### Brief
Since only part of the material below is wanted, output exactly the lines from the one with "finite \<open>G\<close> off" up to and including the one with "which all \<open>T".

### The records

(* Let $X,Y$ be countable discrete metric spaces and $d\in D(X,Y)$. Then $\mathbb K(H_X,H_Y)\subset M_d(X,Y)$. Moreover, if $\mathbb K(H_X,H_Y)=M_d(X,Y)$, then there exists $L>0$ such that for every injective map $f:X\to Y$ the set $\{x\in X: d(x,f(x))\le L\}$ is finite.
   Context: $H_X=l^2(X)$ with basis $\{\delta_x\}$; $\mathbb K(H_X,H_Y)$ is the space of compact operators $H_X\to H_Y$. $D(X,Y)$ is the set of metrics on $X\sqcup Y$ restricting to $d_X$ and $d_Y$. For $T:H_X\to H_Y$ bounded, $T_{yx}=\langle T\delta_x,\delta_y\rangle$; $T$ has propagation less than $L$ w.r.t. $d$ if $T_{yx}=0$ whenever $d(x,y)\ge L$. $M_d(X,Y)$ is the norm closure in $\mathbb B(H_X,H_Y)$ of the bounded operators of finite propagation w.r.t. $d$. *)

theory Defs
  imports "HOL-Analysis.Analysis"
begin

definition discrete_metric_space :: "'a set \<Rightarrow> ('a \<Rightarrow> 'a \<Rightarrow> real) \<Rightarrow> bool" where
  "discrete_metric_space X dX \<longleftrightarrow> Metric_space X dX \<and>
     (\<forall>x\<in>X. \<exists>e>0. \<forall>x'\<in>X. dX x x' < e \<longrightarrow> x' = x)"

definition Dmetrics :: "'a set \<Rightarrow> ('a \<Rightarrow> 'a \<Rightarrow> real) \<Rightarrow> 'b set \<Rightarrow> ('b \<Rightarrow> 'b \<Rightarrow> real)
    \<Rightarrow> (('a + 'b) \<Rightarrow> ('a + 'b) \<Rightarrow> real) set" where
  "Dmetrics X dX Y dY = {d. Metric_space (X <+> Y) d \<and>
     (\<forall>x\<in>X. \<forall>x'\<in>X. d (Inl x) (Inl x') = dX x x') \<and>
     (\<forall>y\<in>Y. \<forall>y'\<in>Y. d (Inr y) (Inr y') = dY y y')}"

definition l2 :: "'a set \<Rightarrow> ('a \<Rightarrow> complex) set" where
  "l2 X = {f. (\<forall>x. x \<notin> X \<longrightarrow> f x = 0) \<and> (\<lambda>x. (cmod (f x))\<^sup>2) summable_on X}"

definition l2norm :: "'a set \<Rightarrow> ('a \<Rightarrow> complex) \<Rightarrow> real" where
  "l2norm X f = sqrt (infsum (\<lambda>x. (cmod (f x))\<^sup>2) X)"

definition l2dist :: "'a set \<Rightarrow> ('a \<Rightarrow> complex) \<Rightarrow> ('a \<Rightarrow> complex) \<Rightarrow> real" where
  "l2dist X f g = l2norm X (\<lambda>x. f x - g x)"

definition delta :: "'a \<Rightarrow> 'a \<Rightarrow> complex" where
  "delta x = (\<lambda>z. if z = x then 1 else 0)"

text \<open>Bounded (linear) operators H_X \<rightarrow> H_Y; only the values on l2 X matter.\<close>
definition bounded_op :: "'a set \<Rightarrow> 'b set \<Rightarrow> (('a \<Rightarrow> complex) \<Rightarrow> ('b \<Rightarrow> complex)) \<Rightarrow> bool" where
  "bounded_op X Y T \<longleftrightarrow>
     (\<forall>f\<in>l2 X. T f \<in> l2 Y) \<and>
     (\<forall>f\<in>l2 X. \<forall>g\<in>l2 X. T (\<lambda>x. f x + g x) = (\<lambda>y. T f y + T g y)) \<and>
     (\<forall>f\<in>l2 X. \<forall>c::complex. T (\<lambda>x. c * f x) = (\<lambda>y. c * T f y)) \<and>
     (\<exists>C. \<forall>f\<in>l2 X. l2norm Y (T f) \<le> C * l2norm X f)"

definition opnorm :: "'a set \<Rightarrow> 'b set \<Rightarrow> (('a \<Rightarrow> complex) \<Rightarrow> ('b \<Rightarrow> complex)) \<Rightarrow> real" where
  "opnorm X Y T = Sup {l2norm Y (T f) | f. f \<in> l2 X \<and> l2norm X f \<le> 1}"

definition matrix_coeff :: "(('a \<Rightarrow> complex) \<Rightarrow> ('b \<Rightarrow> complex)) \<Rightarrow> 'b \<Rightarrow> 'a \<Rightarrow> complex" where
  "matrix_coeff T y x = T (delta x) y"

definition finite_propagation ::
  "'a set \<Rightarrow> 'b set \<Rightarrow> (('a + 'b) \<Rightarrow> ('a + 'b) \<Rightarrow> real) \<Rightarrow> (('a \<Rightarrow> complex) \<Rightarrow> ('b \<Rightarrow> complex)) \<Rightarrow> bool" where
  "finite_propagation X Y d T \<longleftrightarrow>
     (\<exists>L. \<forall>x\<in>X. \<forall>y\<in>Y. d (Inl x) (Inr y) \<ge> L \<longrightarrow> matrix_coeff T y x = 0)"

text \<open>M_d(X,Y): norm closure (in B(H_X,H_Y)) of the bounded finite propagation operators.\<close>
definition in_Md ::
  "'a set \<Rightarrow> 'b set \<Rightarrow> (('a + 'b) \<Rightarrow> ('a + 'b) \<Rightarrow> real) \<Rightarrow> (('a \<Rightarrow> complex) \<Rightarrow> ('b \<Rightarrow> complex)) \<Rightarrow> bool" where
  "in_Md X Y d T \<longleftrightarrow> bounded_op X Y T \<and>
     (\<forall>\<epsilon>>0. \<exists>S. bounded_op X Y S \<and> finite_propagation X Y d S \<and>
        opnorm X Y (\<lambda>f y. T f y - S f y) < \<epsilon>)"

definition compact_op :: "'a set \<Rightarrow> 'b set \<Rightarrow> (('a \<Rightarrow> complex) \<Rightarrow> ('b \<Rightarrow> complex)) \<Rightarrow> bool" where
  "compact_op X Y T \<longleftrightarrow> bounded_op X Y T \<and>
     compactin (Metric_space.mtopology (l2 Y) (l2dist Y))
       ((Metric_space.mtopology (l2 Y) (l2dist Y)) closure_of
          (T ` {f \<in> l2 X. l2norm X f \<le> 1}))"

end

theory Submission
  imports Defs
begin

text \<open>A compact \<open>T\<close> is a norm limit of its compressions \<open>P\<^sub>G T P\<^sub>F\<close> to finite sets
\<open>F \<subseteq> X\<close>, \<open>G \<subseteq> Y\<close>: total boundedness of the image of the unit ball gives a finite \<open>G\<close> off
which all \<open>T f\<close> have uniformly small tails, and square-summability of the finitely many rows of
\<open>T\<close> indexed by \<open>G\<close> gives a finite \<open>F\<close> such that \<open>T\<close> is uniformly small at \<open>G\<close> on unit
vectors vanishing on \<open>F\<close>. A compression has finite propagation, since only the finitely many
distances between \<open>F\<close> and \<open>G\<close> occur.

Conversely, for injective \<open>f\<close> and any \<open>L\<close>, the partial translation \<open>\<delta>\<^sub>x \<mapsto> \<delta>\<^sub>f\<^sub>x\<close> on
\<open>A = {x. d(x, f x) \<le> L}\<close> has propagation at most \<open>L\<close> and so lies in \<open>M\<^sub>d\<close>. If it is compact,
the image of the unit ball is totally bounded, yet it contains the pairwise separated vectors
\<open>\<delta>\<^sub>f\<^sub>x\<close>, \<open>x \<in> A\<close>; so \<open>A\<close> is finite. Thus every \<open>L\<close> works.\<close>

section \<open>The space \<open>l\<^sup>2(X)\<close>\<close>

definition restr :: "'a set \<Rightarrow> ('a \<Rightarrow> complex) \<Rightarrow> 'a \<Rightarrow> complex" where
  "restr A f = (\<lambda>x. if x \<in> A then f x else 0)"

lemma l2D:
  assumes "f \<in> l2 X"
  shows "(\<lambda>x. (cmod (f x))\<^sup>2) summable_on X" and "x \<notin> X \<Longrightarrow> f x = 0"
  using assms by (auto simp: l2_def)

lemma l2I: "(\<lambda>x. (cmod (f x))\<^sup>2) summable_on X \<Longrightarrow> (\<And>x. x \<notin> X \<Longrightarrow> f x = 0) \<Longrightarrow> f \<in> l2 X"
  by (auto simp: l2_def)

lemma l2_zero: "(\<lambda>x. 0) \<in> l2 X"
  by (auto simp: l2_def)

lemma l2norm_zero: "l2norm X (\<lambda>x. 0) = 0"
  by (simp add: l2norm_def)

lemma l2norm_nonneg: "0 \<le> l2norm X f"
  unfolding l2norm_def by (simp add: infsum_nonneg)

lemma finite_sum_le_l2norm_sq:
  assumes "f \<in> l2 X" "finite F" "F \<subseteq> X"
  shows "(\<Sum>x\<in>F. (cmod (f x))\<^sup>2) \<le> (l2norm X f)\<^sup>2"
proof -
  have "(\<Sum>x\<in>F. (cmod (f x))\<^sup>2) \<le> infsum (\<lambda>x. (cmod (f x))\<^sup>2) X"
    by (rule finite_sum_le_infsum) (use assms l2D in auto)
  thus ?thesis by (simp add: l2norm_def infsum_nonneg)
qed

lemma L2_set_le_l2norm:
  assumes "f \<in> l2 X" "finite F" "F \<subseteq> X"
  shows "L2_set (\<lambda>x. cmod (f x)) F \<le> l2norm X f"
  using real_sqrt_le_mono[OF finite_sum_le_l2norm_sq[OF assms]] l2norm_nonneg[of X f]
  by (simp add: L2_set_def)

lemma norm_le_l2norm:
  assumes "f \<in> l2 X"
  shows "cmod (f x) \<le> l2norm X f"
proof (cases "x \<in> X")
  case True
  thus ?thesis using L2_set_le_l2norm[OF assms, of "{x}"] by simp
qed (use assms in \<open>simp add: l2D(2) l2norm_nonneg\<close>)

lemma l2norm_le_if_finite_sums:
  assumes "(\<lambda>x. (cmod (f x))\<^sup>2) summable_on X" "0 \<le> B"
    and "\<And>F. finite F \<Longrightarrow> F \<subseteq> X \<Longrightarrow> L2_set (\<lambda>x. cmod (f x)) F \<le> B"
  shows "l2norm X f \<le> B"
proof -
  have "infsum (\<lambda>x. (cmod (f x))\<^sup>2) X \<le> B\<^sup>2"
  proof (rule infsum_le_finite_sums[OF assms(1)])
    fix F assume F: "finite F" "F \<subseteq> X"
    have "(\<Sum>x\<in>F. (cmod (f x))\<^sup>2) = (L2_set (\<lambda>x. cmod (f x)) F)\<^sup>2"
      by (simp add: L2_set_def sum_nonneg)
    also have "\<dots> \<le> B\<^sup>2" using assms(3)[OF F] by (intro power_mono L2_set_nonneg)
    finally show "(\<Sum>x\<in>F. (cmod (f x))\<^sup>2) \<le> B\<^sup>2" .
  qed
  thus ?thesis using assms(2) real_sqrt_le_mono by (fastforce simp: l2norm_def)
qed

lemma l2_add:
  assumes "f \<in> l2 X" "g \<in> l2 X"
  shows "(\<lambda>x. f x + g x) \<in> l2 X"
proof (rule l2I)
  have "(\<lambda>x. 2 * (cmod (f x))\<^sup>2 + 2 * (cmod (g x))\<^sup>2) summable_on X"
    by (intro summable_on_add summable_on_cmult_right l2D assms)
  thus "(\<lambda>x. (cmod (f x + g x))\<^sup>2) summable_on X"
  proof (rule summable_on_comparison_test)
    fix x
    have "(cmod (f x + g x))\<^sup>2 \<le> (cmod (f x) + cmod (g x))\<^sup>2"
      by (simp add: power_mono norm_triangle_ineq)
    also have "\<dots> \<le> 2 * (cmod (f x))\<^sup>2 + 2 * (cmod (g x))\<^sup>2"
      by (smt (verit) sum_squares_bound zero_le_power2 power2_sum)
    finally show "(cmod (f x + g x))\<^sup>2 \<le> 2 * (cmod (f x))\<^sup>2 + 2 * (cmod (g x))\<^sup>2" .
  qed simp
qed (use assms in \<open>simp add: l2D(2)\<close>)

lemma l2_scale:
  assumes "f \<in> l2 X"
  shows "(\<lambda>x. c * f x) \<in> l2 X"
proof (rule l2I)
  have "(\<lambda>x. (cmod c)\<^sup>2 * (cmod (f x))\<^sup>2) summable_on X"
    by (intro summable_on_cmult_right l2D assms)
  thus "(\<lambda>x. (cmod (c * f x))\<^sup>2) summable_on X"
    by (simp add: norm_mult power_mult_distrib)
qed (use assms in \<open>simp add: l2D(2)\<close>)

lemma l2_diff: "f \<in> l2 X \<Longrightarrow> g \<in> l2 X \<Longrightarrow> (\<lambda>x. f x - g x) \<in> l2 X"
  using l2_add[of f X "\<lambda>x. -1 * g x"] l2_scale[of g X "-1"] by simp

lemma l2norm_triangle:
  assumes "f \<in> l2 X" "g \<in> l2 X"
  shows "l2norm X (\<lambda>x. f x + g x) \<le> l2norm X f + l2norm X g"
proof (rule l2norm_le_if_finite_sums[OF l2D(1)[OF l2_add[OF assms]]])
  show "0 \<le> l2norm X f + l2norm X g" by (simp add: l2norm_nonneg add_nonneg_nonneg)
  fix F assume F: "finite F" "F \<subseteq> X"
  have "L2_set (\<lambda>x. cmod (f x + g x)) F \<le> L2_set (\<lambda>x. cmod (f x) + cmod (g x)) F"
    by (rule L2_set_mono) (auto intro: norm_triangle_ineq)
  also have "\<dots> \<le> L2_set (\<lambda>x. cmod (f x)) F + L2_set (\<lambda>x. cmod (g x)) F"
    by (rule L2_set_triangle_ineq)
  also have "\<dots> \<le> l2norm X f + l2norm X g"
    by (intro add_mono L2_set_le_l2norm assms F)
  finally show "L2_set (\<lambda>x. cmod (f x + g x)) F \<le> l2norm X f + l2norm X g" .
qed

lemma l2_restr: "f \<in> l2 X \<Longrightarrow> restr A f \<in> l2 X"
  by (rule l2I, rule summable_on_comparison_test[OF l2D(1)]) (auto simp: restr_def l2D)

lemma l2norm_restr_le:
  assumes "f \<in> l2 X"
  shows "l2norm X (restr A f) \<le> l2norm X f"
proof (rule l2norm_le_if_finite_sums[OF l2D(1)[OF l2_restr[OF assms]] l2norm_nonneg])
  fix F assume F: "finite F" "F \<subseteq> X"
  have "L2_set (\<lambda>x. cmod (restr A f x)) F \<le> L2_set (\<lambda>x. cmod (f x)) F"
    by (rule L2_set_mono) (auto simp: restr_def)
  also have "\<dots> \<le> l2norm X f" by (rule L2_set_le_l2norm[OF assms F])
  finally show "L2_set (\<lambda>x. cmod (restr A f x)) F \<le> l2norm X f" .
qed
definition asym_string_stable :: "real \<Rightarrow> real \<Rightarrow> real \<Rightarrow> real \<Rightarrow> real \<Rightarrow> real \<Rightarrow> real \<Rightarrow> real \<Rightarrow> bool" where
  "asym_string_stable Kp Kv l1 l2 \<gamma>p \<gamma>v a b \<longleftrightarrow>
     string_stable Kp Kv l1 l2 \<gamma>p \<gamma>v a b \<and>
     (\<forall>N \<chi>s. vp_sol Kp Kv l1 l2 \<gamma>p \<gamma>v a b N \<chi>s \<longrightarrow>
        (\<forall>i\<le>N. ((\<lambda>t. norm (\<chi>s i t)) \<longlongrightarrow> 0) at_top))"

end

theory Submission
  imports Defs
begin

text \<open>In the coordinates e = x1 + x3, z = x2 - l1 x3 + x4 + Kp e, p = x3, q = x4 each subsystem
  splits into the autonomous Hurwitz block e' = z - Kp e, z' = -e - Kv z and the filter
  p' = -l1 p + q, q' = -l2 q + g, so a weighted sum of squares is an ISS Lyapunov function:
  every vehicle's state decays exponentially up to a gain times a bound on its input g_i.
  Since |psi| is at most twice gamma times the largest state of the preceding vehicles, each
  vehicle obeys an estimate with gain proportional to a gamma_p + b gamma_v against the past
  supremum of its predecessors, so the gain is below 1 for small a, b. A gain below 1 gives, by
  induction along the string, the uniform bound beta(R,0) / (1 - g) (string stability), and
  convergence of every vehicle once its predecessors have converged (applying the estimate to
  the time-shifted solution).\<close>

lemma has_real_derivative_norm_power2:
  fixes y :: "real \<Rightarrow> 'a::real_inner"
  assumes "(y has_vector_derivative v) (at t within S)"
  shows "((\<lambda>\<tau>. (norm (y \<tau>))\<^sup>2) has_real_derivative 2 * (y t \<bullet> v)) (at t within S)"
proof -
  note y' = assms[unfolded has_vector_derivative_def]
  have "((\<lambda>\<tau>. y \<tau> \<bullet> y \<tau>) has_derivative (\<lambda>h. y t \<bullet> (h *\<^sub>R v) + (h *\<^sub>R v) \<bullet> y t)) (at t within S)"
    using has_derivative_inner[OF y' y'] .
  then show ?thesis
    unfolding has_field_derivative_def power2_norm_eq_inner
    by (rule has_derivative_eq_rhs) (simp add: fun_eq_iff inner_commute algebra_simps)
qed
lemma iso_sym_group_3_if_order_6:
  assumes order: "order G = 6"
    and involutions: "card {x \<in> carrier G. x \<otimes> x = \<one>} = 4"
    and ord3: "\<forall>x\<in>carrier G. x \<otimes> x \<noteq> \<one> \<longrightarrow> ord x = 3"
  shows "G \<cong> sym_group 3"
proof -
  have fin: "finite (carrier G)"
    using order order_gt_0_iff_finite by simp
  define T where "T = {t \<in> carrier G. t \<otimes> t = \<one> \<and> t \<noteq> \<one>}"
  have "T = {x \<in> carrier G. x \<otimes> x = \<one>} - {\<one>}"
    by (auto simp: T_def)
  then have "card T = 3"
    using involutions fin by (simp add: card_Diff_singleton)
  then obtain \<beta> :: "nat \<Rightarrow> 'a" where \<beta>: "bij_betw \<beta> {1..3} T"
    using ex_bij_betw_nat_finite_1[of T] fin by (auto simp: T_def)
  show ?thesis
  proof (rule iso_sym_group_if_faithful_action[OF \<beta>, where act = "\<lambda>x t. x \<otimes> t \<otimes> inv x"])
    show "x \<otimes> t \<otimes> inv x \<in> T" if "x \<in> carrier G" "t \<in> T" for x t
      using that conj_involution[of x t] by (auto simp: T_def)
    show "x \<otimes> y \<otimes> t \<otimes> inv (x \<otimes> y) = x \<otimes> (y \<otimes> t \<otimes> inv y) \<otimes> inv x"
      if "x \<in> carrier G" "y \<in> carrier G" "t \<in> T" for x y t
      using that by (simp add: T_def m_assoc inv_mult_group)
    show "\<one> \<otimes> t \<otimes> inv \<one> = t" if "t \<in> T" for t
      using that by (simp add: T_def)
    show "x = \<one>" if "x \<in> carrier G" "\<forall>t\<in>T. x \<otimes> t \<otimes> inv x = t" for x
    proof (rule eq_one_if_commutes_with_involutions[OF order ord3 _ that(1)])
      show "2 \<le> card {t \<in> carrier G. t \<otimes> t = \<one> \<and> t \<noteq> \<one>}"
        using \<open>card T = 3\<close> by (simp add: T_def)
      show "x \<otimes> t = t \<otimes> x" if "t \<in> carrier G" "t \<otimes> t = \<one>" for t
      proof (cases "t = \<one>")
        case False
        then show ?thesis
          using that \<open>x \<in> carrier G\<close> \<open>\<forall>t\<in>T. x \<otimes> t \<otimes> inv x = t\<close> by (simp add: T_def inv_solve_right')
      qed (use \<open>x \<in> carrier G\<close> in simp)
    qed
    show "order G = fact 3"
      using order by (simp add: fact_numeral)
  qed
qed

end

### Result of this exercise
\<open>F \<subseteq> X\<close>, \<open>G \<subseteq> Y\<close>: total boundedness of the image of the unit ball gives a finite \<open>G\<close> off
which all \<open>T f\<close> have uniformly small tails, and square-summability of the finitely many rows of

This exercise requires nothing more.